### [Given records]

lemma ordered_surj_of_prefix_enc_emb:
  assumes "set u = set v" and "subseq (prefix_enc u) (prefix_enc v)"
  obtains h where "FS_mor (length v) (length u) h" "ordered_map (length v) h"
    "word_comp u h (length v) = v"
proof -
  obtain p where p: "\<forall>k<length u. p k < length v \<and> prefix_enc u ! k = prefix_enc v ! p k"
    and mono: "\<forall>k1 k2. k1 < k2 \<longrightarrow> k2 < length u \<longrightarrow> p k1 < p k2"
    using list_emb_indices[OF assms(2)] by auto
  have p': "p k < length v \<and> u ! k = v ! p k \<and> set (take k u) = set (take (p k) v)" if "k < length u" for k
  proof -
    have "p k < length v" "prefix_enc u ! k = prefix_enc v ! p k" using p that by blast+
    then show ?thesis using that by (simp add: nth_prefix_enc)
  qed
  have mono': "p k1 < p k2" if "k1 < k2" "k2 < length u" for k1 k2 using mono that by blast
  show ?thesis using ordered_surj_last_match[OF assms(1) p' mono'] by (rule that)
qed

locale FSop_mod =
  fixes V :: "nat \<Rightarrow> 'm::ab_group_add set"
    and act :: "nat \<Rightarrow> nat \<Rightarrow> (nat \<Rightarrow> nat) \<Rightarrow> 'm \<Rightarrow> 'm"
  assumes module: "FSop_module V act"
begin

lemma subgrp_V: "subgrp (V n)"
  using module by (simp add: FSop_module_def)

lemma act_in: "FS_mor a b f \<Longrightarrow> x \<in> V b \<Longrightarrow> act a b f x \<in> V a"
  using module by (simp add: FSop_module_def)

lemma act_additive: "FS_mor a b f \<Longrightarrow> additive_on (V b) (act a b f)"
  using module by (simp add: FSop_module_def additive_on_def)

lemma act_cong:
  assumes "FS_mor a b f" "\<And>i. i \<in> {1..a} \<Longrightarrow> f i = g i" "x \<in> V b"
  shows "act a b f x = act a b g x"
proof -
  have "\<forall>i\<in>{1..a}. f i = g i" using assms(2) by blast
  then show ?thesis using module assms(1,3) unfolding FSop_module_def by blast
qed

lemma act_id: "x \<in> V n \<Longrightarrow> act n n id x = x"
  using module by (simp add: FSop_module_def)

lemma act_comp: "FS_mor a b f \<Longrightarrow> FS_mor b c g \<Longrightarrow> x \<in> V c \<Longrightarrow>
    act a c (g \<circ> f) x = act a b f (act b c g x)"
  using module unfolding FSop_module_def by blast

lemma act_nsmul: "FS_mor a b f \<Longrightarrow> x \<in> V b \<Longrightarrow> act a b f (nsmul k x) = nsmul k (act a b f x)"
  by (rule additive_on_nsmul[OF subgrp_V act_additive])

lemma act_zero: "FS_mor a b f \<Longrightarrow> act a b f 0 = 0"
  by (rule additive_on_zero[OF subgrp_V act_additive])
(* Let $H\sim\mathcal{N}(0,\Sigma)$ be a random $M\times N$ matrix, and let $Q^{(1)},Q^{(2)}$ be two capacity-achieving covariance matrices (both maximizers of $C$ over $\{Q\ge0,\ \mathrm{tr}(Q)\le p\}$) with $\mathrm{tr}(Q^{(1)})=p=\mathrm{tr}(Q^{(2)})$. Then $HQ^{(1)}H^H=HQ^{(2)}H^H$ almost surely with respect to the law of $H$.
   Context: Fix integers $M,N\ge1$, noise variance $\sigma_n^2>0$ and power $p>0$. We identify $\mathbb{M}(M,\mathbb{C})\otimes\mathbb{M}(N,\mathbb{C})$ with $\mathbb{M}(MN,\mathbb{C})$ via $(A\otimes B)_{(i,j),(l,m)}=A_{il}B_{jm}$. $H\sim\mathcal{N}(0,\Sigma)$ means: $H$ is a random $M\times N$ complex matrix whose entries are jointly zero-mean circularly symmetric complex Gaussian, with covariance $\Sigma_{(i,j),(l,m)}=\mathcal{E}(H_{ij}\overline{H_{lm}})$. For positive semidefinite $Q\in\mathbb{M}(N,\mathbb{C})$, $C(Q):=\mathcal{E}\big(\log\det(\mathbf{1}_M+\sigma_n^{-2}HQH^H)\big)$. *)

theory Defs
  imports "HOL-Probability.Probability"
begin

definition mat_adj :: "complex^'n^'m \<Rightarrow> complex^'m^'n" where
  "mat_adj A = (\<chi> i j. cnj (A $ j $ i))"

definition mtrace :: "complex^'n^'n \<Rightarrow> complex" where
  "mtrace A = (\<Sum>i\<in>UNIV. A $ i $ i)"

definition cpsd :: "complex^'n^'n \<Rightarrow> bool" where
  "cpsd A \<longleftrightarrow> mat_adj A = A \<and>
     (\<forall>x::complex^'n. 0 \<le> Re (\<Sum>i\<in>UNIV. \<Sum>j\<in>UNIV. cnj (x $ i) * A $ i $ j * x $ j))"

definition cov_psd :: "('m::finite \<times> 'n::finite \<Rightarrow> 'm \<times> 'n \<Rightarrow> complex) \<Rightarrow> bool" where
  "cov_psd S \<longleftrightarrow> (\<forall>k l. S l k = cnj (S k l)) \<and>
     (\<forall>a. 0 \<le> Re (\<Sum>k\<in>UNIV. \<Sum>l\<in>UNIV. cnj (a k) * S k l * a l))"

text \<open>The law of a zero-mean circularly symmetric complex Gaussian random M x N matrix
  with covariance S (S (i,j) (l,m) = E(H_ij conj H_lm)), given by its characteristic
  function: E exp(i Re(a^H h)) = exp(-a^H S a / 4).\<close>
definition cscg_law :: "(complex^'n::finite^'m::finite) measure \<Rightarrow>
     ('m \<times> 'n \<Rightarrow> 'm \<times> 'n \<Rightarrow> complex) \<Rightarrow> bool" where
  "cscg_law \<mu> S \<longleftrightarrow> prob_space \<mu> \<and> sets \<mu> = sets borel \<and>
     (\<forall>a::complex^'n^'m.
        integral\<^sup>L \<mu> (\<lambda>H. exp (\<i> * complex_of_real
            (Re (\<Sum>i\<in>UNIV. \<Sum>j\<in>UNIV. cnj (a $ i $ j) * H $ i $ j))))
        = exp (- (\<Sum>k\<in>UNIV. \<Sum>l\<in>UNIV. cnj (a $ fst k $ snd k) * S k l * a $ fst l $ snd l) / 4))"

definition capacity :: "(complex^'n::finite^'m::finite) measure \<Rightarrow> real \<Rightarrow> complex^'n^'n \<Rightarrow> real" where
  "capacity \<mu> s2 Q = (\<integral>H. ln (Re (det (mat 1 + (1 / s2) *\<^sub>R (H ** Q ** mat_adj H)))) \<partial>\<mu>)"

definition capacity_achieving ::
  "(complex^'n::finite^'m::finite) measure \<Rightarrow> real \<Rightarrow> real \<Rightarrow> complex^'n^'n \<Rightarrow> bool" where
  "capacity_achieving \<mu> s2 p Q \<longleftrightarrow> cpsd Q \<and> Re (mtrace Q) \<le> p \<and>
     (\<forall>Q'. cpsd Q' \<and> Re (mtrace Q') \<le> p \<longrightarrow> capacity \<mu> s2 Q' \<le> capacity \<mu> s2 Q)"

end

theory Submission
  imports Defs
begin

(* The midpoint Q3 = (Q1 + Q2)/2 is feasible because the trace constraint is linear, so
   C(Q3) <= C(Q1) = C(Q2).  For a fixed channel realisation H write
   r Q = log det (I + H Q H^H / sigma^2).  Strict log-concavity of the determinant on positive
   definite matrices gives 2 r Q3 - r Q1 - r Q2 >= 0, with equality only if
   H Q1 H^H = H Q2 H^H.  This nonnegative function has expectation
   2 C(Q3) - C(Q1) - C(Q2) <= 0, so it vanishes almost surely.

   Strict log-concavity: a unit triangular congruence (Gram-Schmidt for the form of the
   midpoint) makes the midpoint diagonal without changing determinants; then Hadamard's
   inequality, with its equality case, and AM-GM on the diagonal entries finish the argument.
   The expectations exist because 0 <= r Q <= tr (H Q H^H) / sigma^2 <= c |H|^2, and the
   entries of a Gaussian matrix have finite second moments. *)

section \<open>Sesquilinear forms of complex matrices\<close>

definition cform :: "complex^'n^'n \<Rightarrow> complex^'n \<Rightarrow> complex^'n \<Rightarrow> complex" where
  "cform X x y = (\<Sum>i\<in>UNIV. \<Sum>j\<in>UNIV. cnj (x $ i) * X $ i $ j * y $ j)"

definition pos_def :: "complex^'n^'n \<Rightarrow> bool" where
  "pos_def X \<longleftrightarrow> mat_adj X = X \<and> (\<forall>x. x \<noteq> 0 \<longrightarrow> 0 < Re (cform X x x))"

lemma cpsd_iff_cform: "cpsd A \<longleftrightarrow> mat_adj A = A \<and> (\<forall>x. 0 \<le> Re (cform A x x))"
  unfolding cpsd_def cform_def ..

lemma mat_adj_mat_adj [simp]: "mat_adj (mat_adj A) = A"
  by (simp add: mat_adj_def vec_eq_iff)

lemma mat_adj_add: "mat_adj (A + B) = mat_adj A + mat_adj B"
  by (simp add: mat_adj_def vec_eq_iff)

lemma mat_adj_scaleR: "mat_adj (c *\<^sub>R A) = c *\<^sub>R mat_adj A"
  by (simp add: mat_adj_def vec_eq_iff)

lemma mat_adj_mult: "mat_adj (A ** B) = mat_adj B ** mat_adj A"
  by (simp add: mat_adj_def vec_eq_iff matrix_matrix_mult_def mult.commute)

lemma mat_adj_id [simp]: "mat_adj (mat 1) = mat 1"
  by (simp add: mat_adj_def mat_def vec_eq_iff)

lemma det_mat_adj: "det (mat_adj A) = cnj (det A)"
proof -
  have "mat_adj A = transpose (\<chi> i j. cnj (A $ i $ j))"
    by (simp add: mat_adj_def transpose_def)
  then have "det (mat_adj A) = det (\<chi> i j. cnj (A $ i $ j))"
    by (simp only: det_transpose)
  then show ?thesis
    by (simp add: det_def)
qed
theorem mainTheorem8:
  fixes t :: "'d::finite" and m :: real and \<sigma> :: "'d fld set \<Rightarrow> 'd fld"
  assumes dim: "CARD('d) > 2"
    and sec: "\<forall>X\<in>carrier (P0 t m). proj t m (\<sigma> X) = X"
    and hom: "\<sigma> \<in> ring_hom (P0 t m) PR"
    and lin: "\<forall>c p. \<sigma> (proj t m (smult c p)) = smult c (\<sigma> (proj t m p))"
    and lor: "\<forall>L\<in>lorentz t. \<forall>p. \<sigma> (proj t m (lact L p)) = lact L (\<sigma> (proj t m p))"
    and P1: "\<forall>p\<in>P1. \<sigma> (proj t m p) \<in> P1"
    and mdim: "\<forall>p D. (\<forall>n\<in>Poly_Mapping.keys p. mdim n \<le> D)
                 \<longrightarrow> (\<forall>n\<in>Poly_Mapping.keys (\<sigma> (proj t m p)). mdim n \<le> D)"
  shows "\<sigma> (proj t m (dphi mi0)) = dphi mi0
    \<and> (\<forall>\<mu>. \<sigma> (proj t m (pd \<mu> (dphi mi0))) = pd \<mu> (dphi mi0))
    \<and> (\<forall>\<mu> \<nu>. \<sigma> (proj t m (pd \<mu> (pd \<nu> (dphi mi0))))
            = pd \<mu> (pd \<nu> (dphi mi0)) - smult (mink t \<mu> \<nu> / real CARD('d)) (KG t m))"
proof -
  interpret onshell_section t m \<sigma>
    using assms by unfold_locales
  show ?thesis
  proof (intro conjI allI)
    show "\<sigma> (proj t m (dphi mi0)) = dphi mi0"
      using sp_dphi0[of 1] by (simp add: sp_def dphi_eq_lin_term)
    show "\<sigma> (proj t m (pd \<mu> (dphi mi0))) = pd \<mu> (dphi mi0)" for \<mu>
      using sp_mi1[of \<mu> 1] by (simp add: sp_def pd_dphi0)
    show "\<sigma> (proj t m (pd \<mu> (pd \<nu> (dphi mi0))))
        = pd \<mu> (pd \<nu> (dphi mi0)) - smult (mink t \<mu> \<nu> / real CARD('d)) (KG t m)" for \<mu> \<nu>
      using sp_mi2[of \<mu> \<nu> 1] by (simp add: sp_def pd_pd_dphi0 kg2_eq smult_minus_left)
  qed
qed
text \<open>If \<open>d\<close> vanished off the finitely many points where \<open>g\<close> is strictly below 1, the
  functionals \<open>g \<plusminus> s d\<close> would stay in the dual ball for small \<open>s > 0\<close>.\<close>
lemma eq_0_if_vanishes_on_contact_points:
  fixes g d :: "'a \<Rightarrow>\<^sub>L real"
  assumes fin: "finite (ext_ball :: 'a set)" and g: "g extreme_point_of cball 0 1"
    and d: "\<And>p. p \<in> ext_ball \<Longrightarrow> g p = 1 \<Longrightarrow> d p = 0"
  shows "d = 0"
proof -
  have g_le: "g p \<le> 1" if "p \<in> ext_ball" for p
    using g that dual_ball_iff_le_on_ext_ball unfolding extreme_point_of_def by auto
  define S where "S = {p\<in>ext_ball. g p < 1}"
  define s where "s = (if S = {} then 1 else Min ((\<lambda>p. (1 - g p) / (\<bar>d p\<bar> + 1)) ` S))"
  have "finite S" unfolding S_def using fin by simp
  then have "s > 0" unfolding s_def by (auto simp: S_def)
  have step: "g p + s * \<bar>d p\<bar> \<le> 1" if p: "p \<in> ext_ball" for p
  proof (cases "p \<in> S")
    case True
    then have "s \<le> (1 - g p) / (\<bar>d p\<bar> + 1)"
      unfolding s_def using \<open>finite S\<close> by auto
    then have "s * (\<bar>d p\<bar> + 1) \<le> 1 - g p"
      by (simp add: le_divide_eq add_pos_nonneg)
    then show ?thesis using \<open>s > 0\<close> by (simp add: algebra_simps)
  next
    case False
    then show ?thesis using d[OF p] g_le[OF p] p by (simp add: S_def)
  qed
  have "norm (g + r *\<^sub>R d) \<le> 1" if "\<bar>r\<bar> \<le> s" for r
    unfolding dual_ball_iff_le_on_ext_ball
  proof
    fix p :: 'a assume p: "p \<in> ext_ball"
    have "r * d p \<le> \<bar>r\<bar> * \<bar>d p\<bar>" by (metis abs_ge_self abs_mult)
    also have "\<dots> \<le> s * \<bar>d p\<bar>" using that by (simp add: mult_right_mono)
    finally show "(g + r *\<^sub>R d) p \<le> 1"
      using step[OF p] by (simp add: blinfun.add_left blinfun.scaleR_left)
  qed
  from this[of s] this[of "- s"] \<open>s > 0\<close> have "s *\<^sub>R d = 0"
    by (intro extreme_point_of_perturbation_eq_0[OF g]) auto
  with \<open>s > 0\<close> show ?thesis by simp
qed

lemma finite_dual_ext_ball:
  assumes fin: "finite (ext_ball :: 'a set)"
  shows "finite (ext_ball :: ('a \<Rightarrow>\<^sub>L real) set)"
proof -
  define contact where "contact g = {p\<in>ext_ball. blinfun_apply g p = 1}" for g :: "'a \<Rightarrow>\<^sub>L real"
  have "inj_on contact ext_ball"
  proof (rule inj_onI)
    fix g h :: "'a \<Rightarrow>\<^sub>L real"
    assume "g \<in> ext_ball" "contact g = contact h"
    then have "g - h = 0"
      by (intro eq_0_if_vanishes_on_contact_points[OF fin])
        (auto simp: ext_ball_def contact_def blinfun.diff_left set_eq_iff)
    then show "g = h" by simp
  qed
  moreover have "contact ` ext_ball \<subseteq> Pow ext_ball" unfolding contact_def by auto
  ultimately show ?thesis
    using fin by (meson finite_Pow_iff finite_subset finite_imageD)
qed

### [About this task]
Lines before the one containing "using fin by (meson" stay out; reproduce that line and all the lines after it, through the end of the listing, exactly.

### [Task response]
    using fin by (meson finite_Pow_iff finite_subset finite_imageD)
qed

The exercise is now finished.